Durability of Mavacamten's Safety and Efficacy Profile Demonstrated through Nine Months in this Study of Patients with Symptomatic, Obstructive HCM

Statistically Significant Changes in Key Biomarkers Maintained, Indicative of Potential Improvements in Cardiac Function and Favorable Impact on Long-Term Disease Burden

PARIS and SOUTH SAN FRANCISCO, Calif., Aug. 31, 2019 (GLOBE NEWSWIRE) -- MyoKardia, Inc. (Nasdaq: MYOK) today presented positive data from the company’s PIONEER open-label extension (OLE) study of mavacamten for the treatment of symptomatic, obstructive hypertrophic cardiomyopathy (HCM) at the European Society of Cardiology (ESC) Congress 2019, in Paris, France.   

The PIONEER-OLE study enrolled thirteen patients from the Phase 2 PIONEER-HCM study of mavacamten, and twelve patients were evaluable at 36 weeks. Patients received once-daily oral doses of mavacamten individually adjusted to target concentrations to eliminate the obstruction of the left ventricular outflow tract (LVOT). Mavacamten treatment resulted in reductions in patients’ resting and provoked LVOT gradient while maintaining a left ventricular ejection fraction (LVEF) above 55% at all times of assessment during the study through week 36. 

“The data from our PIONEER-OLE study continue to demonstrate mavacamten’s potential to make a substantial difference in the lives of patients.  As mavacamten acts to reduce the excessive contractility and improve ventricular filling of the HCM heart, patients are reporting feeling better, and the obstruction of the left ventricle has been consistently reduced or eliminated,” said June Lee, M.D., Chief Development Officer. “Given the chronic and progressive nature of HCM, we are particularly encouraged by the long-term durability of the safety and efficacy profile, as well as the sustained changes in multiple biomarkers of cardiac stress and diastolic filling pressures moving toward normal levels through 36 weeks of mavacamten treatment.” 
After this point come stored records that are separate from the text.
lemma integral_abs_Df_increment_powr_le:
  assumes l: "\<And>j. 1 \<le> j \<Longrightarrow> l j < 1" and k: "1 \<le> k" and h: "0 < h" and p: "1 \<le> p"
  defines "v \<equiv> \<lambda>s. \<bar>gap_density (l k) (s + h) - gap_density (l k) s\<bar>"
    and "y \<equiv> \<lambda>s. \<bar>gap_density (l k) s - of_bool (1 < k)\<bar>"
    and "\<delta> \<equiv> \<lambda>j s. \<bar>arc_indicator (l j) (s + h) - arc_indicator (l j) s\<bar>"
  shows "(LINT t:{0..1}|lborel. \<bar>Df l om k (t + h) - Df l om k t\<bar>) powr p
    \<le> 2 powr p * ((LINT s:{0..1}|lborel. v s) powr (p - 1)
          * (LINT t:{0..1}|lborel. Mf l om (k - 1) (t + h) powr p * v (t - om k))
        + (LINT s:{0..1}|lborel. y s) powr (p - 1)
          * (\<Sum>j\<in>{1..k-1}. \<Sum>\<sigma>\<in>{0, h}.
              LINT t:{0..1}|lborel. Mf l om (k - 1) (t + \<sigma>) powr p * \<delta> j (t - om j) * y (t - om k)))"
proof -
  define N where "N \<sigma> t = Mf l om (k - 1) (t + \<sigma>)" for \<sigma> t
  have N_nonneg: "0 \<le> N \<sigma> t" for \<sigma> t
    unfolding N_def using l by (rule Mf_nonneg)
  have N_prod: "N \<sigma> t = (\<Prod>j\<in>{1..k-1}. gap_density (l j) (t - om j + \<sigma>))" for \<sigma> t
    by (simp add: N_def Mf_def Xf_eq_gap_density diff_add_eq)
  have bdd_N: "bounded_borel (N \<sigma>)" for \<sigma>
    unfolding N_def by (rule bounded_borel_shift[OF bounded_borel_Mf])
  have bdd_v: "bounded_borel v" and bdd_y: "bounded_borel y"
    unfolding v_def y_def
    by (intro bounded_borel_abs bounded_borel_diff bounded_borel_gap_density bounded_borel_const
        bounded_borel_shift[OF bounded_borel_gap_density])+
  have "bounded_borel (\<lambda>s. \<bar>arc_indicator L (s + h) - arc_indicator L s\<bar>)" for L
    by (intro bounded_borel_abs bounded_borel_diff bounded_borel_arc_indicator
        bounded_borel_shift[OF bounded_borel_arc_indicator])
  then have bdd_\<delta>: "bounded_borel (\<lambda>t. \<delta> j (t - om j))" for j
    unfolding \<delta>_def by (rule bounded_borel_shift_minus)
  have periodic: "periodic_fun_simple' v" "periodic_fun_simple' y"
    unfolding v_def y_def by (unfold_locales, simp)+
  have nonneg: "0 \<le> v s" "0 \<le> y s" for s
    by (simp_all add: v_def y_def)
  have integrable: "set_integrable lborel {0..1} (\<lambda>t. f t * g t)" if "bounded_borel f" "bounded_borel g" for f g
    using that by (intro bounded_borel_unit_integrable bounded_borel_mult)
  have D: "Df l om k (t + \<sigma>) = N \<sigma> t * (gap_density (l k) (t - om k + \<sigma>) - of_bool (1 < k))" for t \<sigma>
    using k by (simp add: N_def Df_eq_Mf_times Xf_eq_gap_density diff_add_eq)
  have pointwise: "\<bar>Df l om k (t + h) - Df l om k t\<bar> \<le> N h t * v (t - om k) + \<bar>N h t - N 0 t\<bar> * y (t - om k)"
    for t
  proof -
    have "Df l om k (t + h) - Df l om k t
        = N h t * (gap_density (l k) (t - om k + h) - gap_density (l k) (t - om k))
          + (N h t - N 0 t) * (gap_density (l k) (t - om k) - of_bool (1 < k))"
      using D[of t h] D[of t 0] by (simp add: algebra_simps)
    also have "\<bar>\<dots>\<bar> \<le> N h t * v (t - om k) + \<bar>N h t - N 0 t\<bar> * y (t - om k)"
      by (rule order_trans[OF abs_triangle_ineq]) (use N_nonneg[of h t] in \<open>simp add: v_def y_def abs_mult\<close>)
    finally show ?thesis .
  qed
  have "bounded_borel (Df l om k)"
    unfolding Df_def[abs_def]
    by (cases "k = 1") (simp_all add: bounded_borel_Mf bounded_borel_diff)
  then have "(LINT t:{0..1}|lborel. \<bar>Df l om k (t + h) - Df l om k t\<bar>)
      \<le> (LINT t:{0..1}|lborel. N h t * v (t - om k) + \<bar>N h t - N 0 t\<bar> * y (t - om k))"
    using pointwise bdd_N bounded_borel_shift_minus[OF bdd_v] bounded_borel_shift_minus[OF bdd_y]
    by (intro set_integral_mono bounded_borel_unit_integrable)
      (simp_all add: bounded_borel_abs bounded_borel_diff bounded_borel_add bounded_borel_mult bounded_borel_shift)
  also have "\<dots> = (LINT t:{0..1}|lborel. N h t * v (t - om k)) + (LINT t:{0..1}|lborel. \<bar>N h t - N 0 t\<bar> * y (t - om k))"
    using bdd_N bounded_borel_shift_minus[OF bdd_v] bounded_borel_shift_minus[OF bdd_y]
    by (intro set_integral_add(2) bounded_borel_unit_integrable)
      (simp_all add: bounded_borel_abs bounded_borel_diff bounded_borel_mult)
  finally have S_le: "(LINT t:{0..1}|lborel. \<bar>Df l om k (t + h) - Df l om k t\<bar>) \<le> \<dots>" .
  have "\<bar>N h t - N 0 t\<bar> powr p * y (t - om k)
      \<le> (\<Sum>j\<in>{1..k-1}. \<Sum>\<sigma>\<in>{0, h}. N \<sigma> t powr p * \<delta> j (t - om j) * y (t - om k))" for t
  proof -
    have "\<bar>N h t - N 0 t\<bar> powr p \<le> (N h t powr p + N 0 t powr p) * (\<Sum>j\<in>{1..k-1}. \<delta> j (t - om j))"
      using abs_prod_diff_powr_le[of "{1..k-1}" "\<lambda>j. gap_density (l j) (t - om j + h)"
          "\<lambda>j. gap_density (l j) (t - om j + 0)" p] l p
      by (simp add: N_prod \<delta>_def gap_density_nonneg abs_gap_density_diff)
    then have "\<bar>N h t - N 0 t\<bar> powr p * y (t - om k)
        \<le> (N h t powr p + N 0 t powr p) * (\<Sum>j\<in>{1..k-1}. \<delta> j (t - om j)) * y (t - om k)"
      using nonneg(2) by (rule mult_right_mono)
    also have "\<dots> = (\<Sum>j\<in>{1..k-1}. \<Sum>\<sigma>\<in>{0, h}. N \<sigma> t powr p * \<delta> j (t - om j) * y (t - om k))"
      using h by (simp add: sum_distrib_left sum_distrib_right algebra_simps sum.distrib)
    finally show ?thesis .
  qed
  moreover have bdd_term: "bounded_borel (\<lambda>t. N \<sigma> t powr p * \<delta> j (t - om j) * y (t - om k))" for \<sigma> j
    using p N_nonneg
    by (intro bounded_borel_mult bounded_borel_powr bdd_N bdd_\<delta> bounded_borel_shift_minus[OF bdd_y]) auto
  moreover have bdd_dN: "bounded_borel (\<lambda>t. \<bar>N h t - N 0 t\<bar>)"
    by (intro bounded_borel_abs bounded_borel_diff bdd_N)
  ultimately have "(LINT t:{0..1}|lborel. \<bar>N h t - N 0 t\<bar> powr p * y (t - om k))
      \<le> (LINT t:{0..1}|lborel. \<Sum>j\<in>{1..k-1}. \<Sum>\<sigma>\<in>{0, h}. N \<sigma> t powr p * \<delta> j (t - om j) * y (t - om k))"
    using p
    by (intro set_integral_mono bounded_borel_unit_integrable bounded_borel_sum bdd_term bounded_borel_mult
        bounded_borel_powr bounded_borel_shift_minus[OF bdd_y] bdd_dN) auto
  also have "\<dots> = (\<Sum>j\<in>{1..k-1}. \<Sum>\<sigma>\<in>{0, h}. LINT t:{0..1}|lborel. N \<sigma> t powr p * \<delta> j (t - om j) * y (t - om k))"
    using bdd_term by (simp add: set_integral_sum bounded_borel_unit_integrable bounded_borel_sum)
  finally have B_sum: "(LINT t:{0..1}|lborel. \<bar>N h t - N 0 t\<bar> powr p * y (t - om k)) \<le> \<dots>" .
  have A_le: "(LINT t:{0..1}|lborel. N h t * v (t - om k)) powr p
      \<le> (LINT s:{0..1}|lborel. v s) powr (p - 1) * (LINT t:{0..1}|lborel. N h t powr p * v (t - om k))"
    using bdd_N N_nonneg bdd_v periodic(1) nonneg(1) p by (rule set_integral_powr_periodic_weight_le)
  have "(LINT t:{0..1}|lborel. \<bar>N h t - N 0 t\<bar> * y (t - om k)) powr p
      \<le> (LINT s:{0..1}|lborel. y s) powr (p - 1) * (LINT t:{0..1}|lborel. \<bar>N h t - N 0 t\<bar> powr p * y (t - om k))"
    using bdd_dN _ bdd_y periodic(2) nonneg(2) p by (rule set_integral_powr_periodic_weight_le) simp
  also have "\<dots> \<le> (LINT s:{0..1}|lborel. y s) powr (p - 1)
      * (\<Sum>j\<in>{1..k-1}. \<Sum>\<sigma>\<in>{0, h}. LINT t:{0..1}|lborel. N \<sigma> t powr p * \<delta> j (t - om j) * y (t - om k))"
    using B_sum by (rule mult_left_mono) simp
  finally have B_le: "(LINT t:{0..1}|lborel. \<bar>N h t - N 0 t\<bar> * y (t - om k)) powr p \<le> \<dots>" .
  have "(LINT t:{0..1}|lborel. \<bar>Df l om k (t + h) - Df l om k t\<bar>) powr p
      \<le> ((LINT t:{0..1}|lborel. N h t * v (t - om k)) + (LINT t:{0..1}|lborel. \<bar>N h t - N 0 t\<bar> * y (t - om k))) powr p"
    using S_le p by (intro powr_mono2 set_integral_nonneg) auto
  also have "\<dots> \<le> 2 powr p * ((LINT t:{0..1}|lborel. N h t * v (t - om k)) powr p
      + (LINT t:{0..1}|lborel. \<bar>N h t - N 0 t\<bar> * y (t - om k)) powr p)"
    using N_nonneg nonneg p by (intro powr_add_le set_integral_nonneg) auto
  also have "\<dots> \<le> 2 powr p * ((LINT s:{0..1}|lborel. v s) powr (p - 1) * (LINT t:{0..1}|lborel. N h t powr p * v (t - om k))
      + (LINT s:{0..1}|lborel. y s) powr (p - 1)
        * (\<Sum>j\<in>{1..k-1}. \<Sum>\<sigma>\<in>{0, h}. LINT t:{0..1}|lborel. N \<sigma> t powr p * \<delta> j (t - om j) * y (t - om k)))"
    using A_le B_le by (intro mult_left_mono add_mono) auto
  finally show ?thesis
    by (simp add: N_def)
qed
PIONEER-OLE 36-week Results
The PIONEER-OLE study was initiated in May 2018 following the conclusion of the PIONEER-HCM Phase 2 clinical trial, to examine the long-term safety and effectiveness of mavacamten.  Data from twelve patients with symptomatic, obstructive HCM at 36 weeks of treatment with mavacamten were presented today.  Mavacamten was well tolerated throughout the treatment period, with no cardiac-related adverse events (AEs) attributed to study drug.   The longest continual duration of mavacamten treatment is now 1.3 years.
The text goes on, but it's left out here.